(Material provided)

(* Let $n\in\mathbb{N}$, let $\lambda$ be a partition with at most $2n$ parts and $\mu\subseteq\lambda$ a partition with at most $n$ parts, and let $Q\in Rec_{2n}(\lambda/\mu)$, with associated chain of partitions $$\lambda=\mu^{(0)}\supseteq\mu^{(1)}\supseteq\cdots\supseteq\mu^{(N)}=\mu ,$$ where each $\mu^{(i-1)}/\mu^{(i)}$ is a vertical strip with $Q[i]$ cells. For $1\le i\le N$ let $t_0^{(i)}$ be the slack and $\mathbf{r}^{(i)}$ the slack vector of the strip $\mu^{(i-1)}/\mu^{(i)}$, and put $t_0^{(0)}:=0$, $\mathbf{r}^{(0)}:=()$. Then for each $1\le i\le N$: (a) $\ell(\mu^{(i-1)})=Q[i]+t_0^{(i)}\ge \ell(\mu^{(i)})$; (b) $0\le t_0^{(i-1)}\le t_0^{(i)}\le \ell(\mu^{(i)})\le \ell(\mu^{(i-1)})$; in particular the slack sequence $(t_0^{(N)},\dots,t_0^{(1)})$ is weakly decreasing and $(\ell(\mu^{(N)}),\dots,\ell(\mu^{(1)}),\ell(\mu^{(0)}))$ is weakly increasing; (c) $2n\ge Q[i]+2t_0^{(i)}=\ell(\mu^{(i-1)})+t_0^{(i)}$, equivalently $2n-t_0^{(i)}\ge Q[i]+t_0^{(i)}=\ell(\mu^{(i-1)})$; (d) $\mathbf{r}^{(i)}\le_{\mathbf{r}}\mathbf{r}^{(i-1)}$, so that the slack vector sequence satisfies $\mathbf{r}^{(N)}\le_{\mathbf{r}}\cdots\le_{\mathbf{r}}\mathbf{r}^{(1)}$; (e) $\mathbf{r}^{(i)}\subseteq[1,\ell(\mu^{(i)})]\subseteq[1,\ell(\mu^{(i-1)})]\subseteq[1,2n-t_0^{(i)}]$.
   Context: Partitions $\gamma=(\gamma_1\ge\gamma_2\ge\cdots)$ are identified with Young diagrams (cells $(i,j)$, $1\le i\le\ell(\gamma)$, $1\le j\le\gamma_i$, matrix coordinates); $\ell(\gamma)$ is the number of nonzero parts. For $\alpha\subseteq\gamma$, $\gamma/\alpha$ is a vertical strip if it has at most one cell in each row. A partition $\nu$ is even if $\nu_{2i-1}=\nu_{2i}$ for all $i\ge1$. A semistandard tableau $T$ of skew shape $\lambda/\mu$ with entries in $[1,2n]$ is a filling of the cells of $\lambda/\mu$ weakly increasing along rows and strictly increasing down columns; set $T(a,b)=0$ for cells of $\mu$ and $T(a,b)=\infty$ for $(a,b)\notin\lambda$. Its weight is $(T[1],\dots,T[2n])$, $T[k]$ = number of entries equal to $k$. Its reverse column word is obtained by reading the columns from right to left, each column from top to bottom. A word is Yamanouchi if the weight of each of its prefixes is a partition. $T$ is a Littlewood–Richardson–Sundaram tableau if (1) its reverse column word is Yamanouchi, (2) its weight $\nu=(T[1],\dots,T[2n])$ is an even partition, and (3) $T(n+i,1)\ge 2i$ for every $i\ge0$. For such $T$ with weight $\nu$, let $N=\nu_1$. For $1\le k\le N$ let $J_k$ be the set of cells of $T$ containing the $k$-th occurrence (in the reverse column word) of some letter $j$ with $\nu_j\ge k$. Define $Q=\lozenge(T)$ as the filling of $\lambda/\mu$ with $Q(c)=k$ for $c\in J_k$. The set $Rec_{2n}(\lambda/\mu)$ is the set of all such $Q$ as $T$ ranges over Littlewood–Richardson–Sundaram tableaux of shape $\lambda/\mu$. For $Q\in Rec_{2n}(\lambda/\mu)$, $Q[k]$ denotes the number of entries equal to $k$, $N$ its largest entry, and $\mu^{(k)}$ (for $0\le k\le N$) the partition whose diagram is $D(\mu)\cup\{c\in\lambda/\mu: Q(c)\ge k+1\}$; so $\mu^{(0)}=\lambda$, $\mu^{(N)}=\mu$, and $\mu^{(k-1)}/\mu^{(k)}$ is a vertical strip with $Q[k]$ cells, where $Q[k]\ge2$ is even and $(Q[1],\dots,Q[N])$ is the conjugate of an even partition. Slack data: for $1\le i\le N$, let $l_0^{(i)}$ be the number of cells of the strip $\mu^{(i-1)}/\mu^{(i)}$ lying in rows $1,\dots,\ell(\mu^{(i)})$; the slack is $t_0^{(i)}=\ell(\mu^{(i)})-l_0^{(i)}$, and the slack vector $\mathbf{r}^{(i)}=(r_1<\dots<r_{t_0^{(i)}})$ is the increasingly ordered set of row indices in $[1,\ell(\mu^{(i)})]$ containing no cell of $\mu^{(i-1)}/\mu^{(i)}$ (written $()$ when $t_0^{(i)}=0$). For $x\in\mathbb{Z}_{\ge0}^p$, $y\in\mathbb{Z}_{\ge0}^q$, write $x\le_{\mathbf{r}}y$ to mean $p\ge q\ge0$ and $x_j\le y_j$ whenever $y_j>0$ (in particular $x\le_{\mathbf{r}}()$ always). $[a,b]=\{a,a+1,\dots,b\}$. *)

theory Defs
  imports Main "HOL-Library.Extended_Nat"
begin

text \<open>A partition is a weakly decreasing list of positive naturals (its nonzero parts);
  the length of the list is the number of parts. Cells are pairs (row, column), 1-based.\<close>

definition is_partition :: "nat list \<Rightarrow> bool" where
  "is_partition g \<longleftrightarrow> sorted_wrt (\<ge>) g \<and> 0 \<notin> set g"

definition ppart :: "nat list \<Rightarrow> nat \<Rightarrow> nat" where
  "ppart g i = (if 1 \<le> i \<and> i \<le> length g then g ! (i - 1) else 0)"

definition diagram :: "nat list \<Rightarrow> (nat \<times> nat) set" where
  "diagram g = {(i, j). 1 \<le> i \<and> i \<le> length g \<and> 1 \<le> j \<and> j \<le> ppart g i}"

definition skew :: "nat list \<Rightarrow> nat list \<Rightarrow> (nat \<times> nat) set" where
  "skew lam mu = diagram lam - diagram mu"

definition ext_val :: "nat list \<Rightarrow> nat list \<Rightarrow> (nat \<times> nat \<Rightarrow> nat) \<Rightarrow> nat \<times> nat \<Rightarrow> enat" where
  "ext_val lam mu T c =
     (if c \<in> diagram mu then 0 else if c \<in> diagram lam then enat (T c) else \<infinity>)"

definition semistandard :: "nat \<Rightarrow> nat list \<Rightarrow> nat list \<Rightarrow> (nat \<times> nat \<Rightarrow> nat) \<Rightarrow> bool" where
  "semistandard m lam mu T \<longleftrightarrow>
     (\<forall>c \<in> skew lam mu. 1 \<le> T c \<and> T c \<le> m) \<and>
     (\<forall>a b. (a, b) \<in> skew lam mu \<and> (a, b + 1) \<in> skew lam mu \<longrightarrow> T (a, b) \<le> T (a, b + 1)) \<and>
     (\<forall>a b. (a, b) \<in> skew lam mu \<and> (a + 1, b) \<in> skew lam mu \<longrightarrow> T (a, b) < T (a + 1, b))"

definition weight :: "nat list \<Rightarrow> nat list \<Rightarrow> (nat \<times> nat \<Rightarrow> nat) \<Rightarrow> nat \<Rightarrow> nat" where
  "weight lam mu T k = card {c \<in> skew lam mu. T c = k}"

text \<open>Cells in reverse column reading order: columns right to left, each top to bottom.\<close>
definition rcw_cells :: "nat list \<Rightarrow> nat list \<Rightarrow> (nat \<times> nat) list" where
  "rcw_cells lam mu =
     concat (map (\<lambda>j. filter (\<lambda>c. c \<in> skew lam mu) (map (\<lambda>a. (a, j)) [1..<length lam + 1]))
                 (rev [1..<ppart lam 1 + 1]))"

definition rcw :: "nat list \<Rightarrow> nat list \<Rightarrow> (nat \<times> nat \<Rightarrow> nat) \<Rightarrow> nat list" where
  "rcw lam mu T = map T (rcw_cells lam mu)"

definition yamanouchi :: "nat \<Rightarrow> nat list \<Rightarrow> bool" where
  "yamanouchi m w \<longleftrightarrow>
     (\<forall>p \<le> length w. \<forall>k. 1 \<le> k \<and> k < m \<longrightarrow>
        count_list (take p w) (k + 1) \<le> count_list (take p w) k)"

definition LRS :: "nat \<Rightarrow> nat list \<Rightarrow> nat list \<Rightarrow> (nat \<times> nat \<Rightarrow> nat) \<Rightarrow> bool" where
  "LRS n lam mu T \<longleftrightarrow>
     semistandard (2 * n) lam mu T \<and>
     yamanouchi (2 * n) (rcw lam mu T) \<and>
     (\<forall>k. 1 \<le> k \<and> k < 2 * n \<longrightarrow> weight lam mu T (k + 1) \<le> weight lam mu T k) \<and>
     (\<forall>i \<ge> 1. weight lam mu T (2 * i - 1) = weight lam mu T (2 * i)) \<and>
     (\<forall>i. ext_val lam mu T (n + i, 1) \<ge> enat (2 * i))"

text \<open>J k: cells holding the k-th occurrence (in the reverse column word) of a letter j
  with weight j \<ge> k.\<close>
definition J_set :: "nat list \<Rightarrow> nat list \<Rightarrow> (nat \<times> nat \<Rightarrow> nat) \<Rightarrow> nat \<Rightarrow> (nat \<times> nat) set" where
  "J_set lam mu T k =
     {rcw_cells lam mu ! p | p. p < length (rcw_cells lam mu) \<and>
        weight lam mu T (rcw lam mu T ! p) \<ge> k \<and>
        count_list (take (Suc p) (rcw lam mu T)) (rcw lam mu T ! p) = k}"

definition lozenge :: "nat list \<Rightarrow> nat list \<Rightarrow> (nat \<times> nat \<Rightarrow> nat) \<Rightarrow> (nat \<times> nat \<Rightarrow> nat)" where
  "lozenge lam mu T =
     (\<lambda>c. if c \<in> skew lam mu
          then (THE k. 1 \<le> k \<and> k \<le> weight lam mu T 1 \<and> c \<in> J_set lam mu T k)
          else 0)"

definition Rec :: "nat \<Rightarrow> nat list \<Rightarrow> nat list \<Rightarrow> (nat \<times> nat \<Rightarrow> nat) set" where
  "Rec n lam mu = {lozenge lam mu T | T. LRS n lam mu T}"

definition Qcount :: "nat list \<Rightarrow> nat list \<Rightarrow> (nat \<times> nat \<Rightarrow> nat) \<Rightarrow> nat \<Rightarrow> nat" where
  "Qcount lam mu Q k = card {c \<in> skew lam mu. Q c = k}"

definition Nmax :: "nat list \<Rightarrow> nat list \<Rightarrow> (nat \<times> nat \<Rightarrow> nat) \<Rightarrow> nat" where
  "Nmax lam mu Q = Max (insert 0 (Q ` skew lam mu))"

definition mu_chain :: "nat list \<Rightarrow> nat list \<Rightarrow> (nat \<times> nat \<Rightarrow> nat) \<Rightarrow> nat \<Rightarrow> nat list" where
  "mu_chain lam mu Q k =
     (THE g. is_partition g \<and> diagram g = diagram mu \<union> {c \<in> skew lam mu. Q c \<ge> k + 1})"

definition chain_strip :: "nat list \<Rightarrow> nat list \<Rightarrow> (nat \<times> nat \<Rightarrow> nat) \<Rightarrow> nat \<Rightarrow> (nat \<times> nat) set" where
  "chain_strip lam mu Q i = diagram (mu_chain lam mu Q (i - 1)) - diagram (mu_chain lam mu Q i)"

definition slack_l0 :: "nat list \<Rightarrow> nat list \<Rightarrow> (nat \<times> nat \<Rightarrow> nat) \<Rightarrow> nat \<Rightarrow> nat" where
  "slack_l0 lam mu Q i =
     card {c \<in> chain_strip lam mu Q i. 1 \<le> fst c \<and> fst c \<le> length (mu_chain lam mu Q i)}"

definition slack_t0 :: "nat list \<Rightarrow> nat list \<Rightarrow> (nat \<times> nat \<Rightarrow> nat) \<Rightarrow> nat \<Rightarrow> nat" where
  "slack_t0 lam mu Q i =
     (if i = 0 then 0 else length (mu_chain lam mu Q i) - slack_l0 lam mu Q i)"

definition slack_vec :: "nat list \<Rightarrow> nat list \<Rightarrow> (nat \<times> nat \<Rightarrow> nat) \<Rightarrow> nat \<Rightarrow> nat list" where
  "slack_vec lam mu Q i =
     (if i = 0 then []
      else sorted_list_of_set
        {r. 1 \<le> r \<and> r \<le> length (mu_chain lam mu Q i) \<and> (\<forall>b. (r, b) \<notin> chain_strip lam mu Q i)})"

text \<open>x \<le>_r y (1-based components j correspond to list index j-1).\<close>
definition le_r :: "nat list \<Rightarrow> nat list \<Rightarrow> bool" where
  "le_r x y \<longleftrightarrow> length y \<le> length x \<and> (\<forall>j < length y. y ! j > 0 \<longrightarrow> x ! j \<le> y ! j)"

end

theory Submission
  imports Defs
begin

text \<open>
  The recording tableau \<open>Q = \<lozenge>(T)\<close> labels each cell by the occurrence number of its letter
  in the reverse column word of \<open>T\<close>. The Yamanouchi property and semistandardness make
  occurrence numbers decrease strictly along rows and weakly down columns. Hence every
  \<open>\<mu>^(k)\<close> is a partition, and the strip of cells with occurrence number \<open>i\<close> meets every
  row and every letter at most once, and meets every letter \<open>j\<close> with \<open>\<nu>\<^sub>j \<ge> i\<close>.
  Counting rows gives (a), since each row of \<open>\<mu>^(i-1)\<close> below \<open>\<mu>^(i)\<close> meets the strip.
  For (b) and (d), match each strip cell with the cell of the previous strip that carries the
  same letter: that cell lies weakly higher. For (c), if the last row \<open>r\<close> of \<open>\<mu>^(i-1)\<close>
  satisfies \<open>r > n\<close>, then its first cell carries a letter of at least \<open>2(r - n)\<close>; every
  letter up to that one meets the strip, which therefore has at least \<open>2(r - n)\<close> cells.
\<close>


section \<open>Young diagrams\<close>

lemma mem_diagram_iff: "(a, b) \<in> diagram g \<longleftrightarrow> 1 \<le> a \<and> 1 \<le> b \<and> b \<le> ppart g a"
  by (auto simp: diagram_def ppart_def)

(End Material provided)
(Material provided)

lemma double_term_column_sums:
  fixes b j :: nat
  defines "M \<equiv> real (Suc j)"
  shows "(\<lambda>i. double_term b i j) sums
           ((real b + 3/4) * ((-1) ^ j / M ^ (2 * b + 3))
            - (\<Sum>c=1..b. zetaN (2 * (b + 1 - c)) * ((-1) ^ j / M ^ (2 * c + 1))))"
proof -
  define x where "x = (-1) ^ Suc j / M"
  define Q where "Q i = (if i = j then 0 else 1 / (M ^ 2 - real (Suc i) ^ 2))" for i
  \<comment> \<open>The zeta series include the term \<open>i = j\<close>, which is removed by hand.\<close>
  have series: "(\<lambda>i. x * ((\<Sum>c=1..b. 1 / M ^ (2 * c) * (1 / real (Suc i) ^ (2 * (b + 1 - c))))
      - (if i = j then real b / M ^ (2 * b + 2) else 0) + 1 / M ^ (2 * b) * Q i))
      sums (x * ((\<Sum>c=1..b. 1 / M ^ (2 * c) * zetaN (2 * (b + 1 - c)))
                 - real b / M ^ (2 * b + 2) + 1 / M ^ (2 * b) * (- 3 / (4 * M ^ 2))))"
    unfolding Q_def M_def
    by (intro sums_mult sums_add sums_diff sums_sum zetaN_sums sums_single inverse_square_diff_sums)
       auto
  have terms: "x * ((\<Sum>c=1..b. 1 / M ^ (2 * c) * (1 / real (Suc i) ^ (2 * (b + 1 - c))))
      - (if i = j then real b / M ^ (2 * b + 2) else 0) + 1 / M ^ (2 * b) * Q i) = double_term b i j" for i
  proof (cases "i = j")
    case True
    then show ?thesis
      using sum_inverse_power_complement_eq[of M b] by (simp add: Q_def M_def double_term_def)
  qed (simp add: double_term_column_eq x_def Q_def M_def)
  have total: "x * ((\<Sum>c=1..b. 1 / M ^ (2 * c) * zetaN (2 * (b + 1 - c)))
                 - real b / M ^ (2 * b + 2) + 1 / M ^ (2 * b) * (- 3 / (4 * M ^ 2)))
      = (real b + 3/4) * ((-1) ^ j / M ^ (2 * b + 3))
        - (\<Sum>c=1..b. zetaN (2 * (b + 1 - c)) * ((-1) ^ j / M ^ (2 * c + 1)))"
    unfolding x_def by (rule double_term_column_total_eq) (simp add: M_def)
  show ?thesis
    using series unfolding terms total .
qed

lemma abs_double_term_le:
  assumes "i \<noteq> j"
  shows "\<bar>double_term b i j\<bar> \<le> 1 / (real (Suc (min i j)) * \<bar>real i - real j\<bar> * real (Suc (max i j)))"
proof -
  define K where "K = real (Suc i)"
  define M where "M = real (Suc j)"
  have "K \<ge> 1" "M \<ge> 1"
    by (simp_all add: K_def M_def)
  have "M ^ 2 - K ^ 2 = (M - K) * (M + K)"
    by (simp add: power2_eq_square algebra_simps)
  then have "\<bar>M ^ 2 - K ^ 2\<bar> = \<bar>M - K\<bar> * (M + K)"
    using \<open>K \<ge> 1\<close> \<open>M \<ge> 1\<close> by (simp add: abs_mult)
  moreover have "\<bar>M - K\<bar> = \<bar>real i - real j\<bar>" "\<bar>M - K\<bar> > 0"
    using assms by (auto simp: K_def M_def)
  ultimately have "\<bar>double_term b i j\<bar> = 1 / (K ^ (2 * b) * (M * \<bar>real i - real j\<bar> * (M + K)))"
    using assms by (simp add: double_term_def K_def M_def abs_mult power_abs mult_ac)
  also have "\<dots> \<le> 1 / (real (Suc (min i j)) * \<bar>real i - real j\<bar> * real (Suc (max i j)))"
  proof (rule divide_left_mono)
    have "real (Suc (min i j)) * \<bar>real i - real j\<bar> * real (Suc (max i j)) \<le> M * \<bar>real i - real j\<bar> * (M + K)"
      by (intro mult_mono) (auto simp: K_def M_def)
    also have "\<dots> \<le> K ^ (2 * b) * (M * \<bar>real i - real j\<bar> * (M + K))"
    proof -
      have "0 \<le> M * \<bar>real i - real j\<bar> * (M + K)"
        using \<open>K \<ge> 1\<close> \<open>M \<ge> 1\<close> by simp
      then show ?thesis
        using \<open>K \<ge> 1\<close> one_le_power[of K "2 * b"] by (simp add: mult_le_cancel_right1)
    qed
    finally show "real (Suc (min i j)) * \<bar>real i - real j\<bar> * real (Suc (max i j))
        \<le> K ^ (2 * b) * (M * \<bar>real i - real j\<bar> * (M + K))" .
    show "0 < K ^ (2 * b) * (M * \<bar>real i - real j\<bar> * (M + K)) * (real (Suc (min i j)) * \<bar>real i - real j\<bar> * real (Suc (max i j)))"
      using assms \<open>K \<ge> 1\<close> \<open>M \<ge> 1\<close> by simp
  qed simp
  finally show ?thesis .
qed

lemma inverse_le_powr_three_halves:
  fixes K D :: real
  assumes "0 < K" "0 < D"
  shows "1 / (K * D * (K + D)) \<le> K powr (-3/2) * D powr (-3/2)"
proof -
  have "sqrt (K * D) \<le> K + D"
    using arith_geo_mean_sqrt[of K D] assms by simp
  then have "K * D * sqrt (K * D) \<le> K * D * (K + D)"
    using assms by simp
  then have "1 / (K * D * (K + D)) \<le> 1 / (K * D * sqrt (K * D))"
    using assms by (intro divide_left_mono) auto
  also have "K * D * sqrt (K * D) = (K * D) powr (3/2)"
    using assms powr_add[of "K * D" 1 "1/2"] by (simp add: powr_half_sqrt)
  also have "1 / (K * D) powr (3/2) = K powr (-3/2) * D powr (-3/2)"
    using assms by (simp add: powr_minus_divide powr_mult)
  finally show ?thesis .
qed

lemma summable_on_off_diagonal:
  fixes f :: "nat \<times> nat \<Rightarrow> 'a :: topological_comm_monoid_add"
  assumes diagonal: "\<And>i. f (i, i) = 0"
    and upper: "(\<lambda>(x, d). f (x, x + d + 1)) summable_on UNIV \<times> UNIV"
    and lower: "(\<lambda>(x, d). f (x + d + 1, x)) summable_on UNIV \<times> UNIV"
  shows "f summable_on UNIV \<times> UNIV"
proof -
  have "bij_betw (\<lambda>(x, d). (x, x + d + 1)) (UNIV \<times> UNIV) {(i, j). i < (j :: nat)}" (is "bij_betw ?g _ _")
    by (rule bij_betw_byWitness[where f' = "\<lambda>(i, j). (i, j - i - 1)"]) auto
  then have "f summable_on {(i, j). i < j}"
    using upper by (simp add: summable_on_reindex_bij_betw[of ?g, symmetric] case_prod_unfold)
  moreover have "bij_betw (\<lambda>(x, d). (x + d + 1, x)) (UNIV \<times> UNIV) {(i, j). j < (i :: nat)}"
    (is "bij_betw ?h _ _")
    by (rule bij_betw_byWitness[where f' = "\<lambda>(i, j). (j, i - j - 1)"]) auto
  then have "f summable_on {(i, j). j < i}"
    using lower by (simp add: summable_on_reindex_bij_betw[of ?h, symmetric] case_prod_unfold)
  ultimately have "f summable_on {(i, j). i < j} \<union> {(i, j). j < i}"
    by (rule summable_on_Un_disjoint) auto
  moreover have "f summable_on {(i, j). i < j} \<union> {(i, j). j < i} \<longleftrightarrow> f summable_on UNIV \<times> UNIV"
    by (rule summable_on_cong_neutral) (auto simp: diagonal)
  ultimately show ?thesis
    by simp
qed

(End Material provided)

→ Problem statement: Copy every line of the entries above in which "carries" occurs.

→ Task output:
  For (b) and (d), match each strip cell with the cell of the previous strip that carries the
  satisfies \<open>r > n\<close>, then its first cell carries a letter of at least \<open>2(r - n)\<close>; every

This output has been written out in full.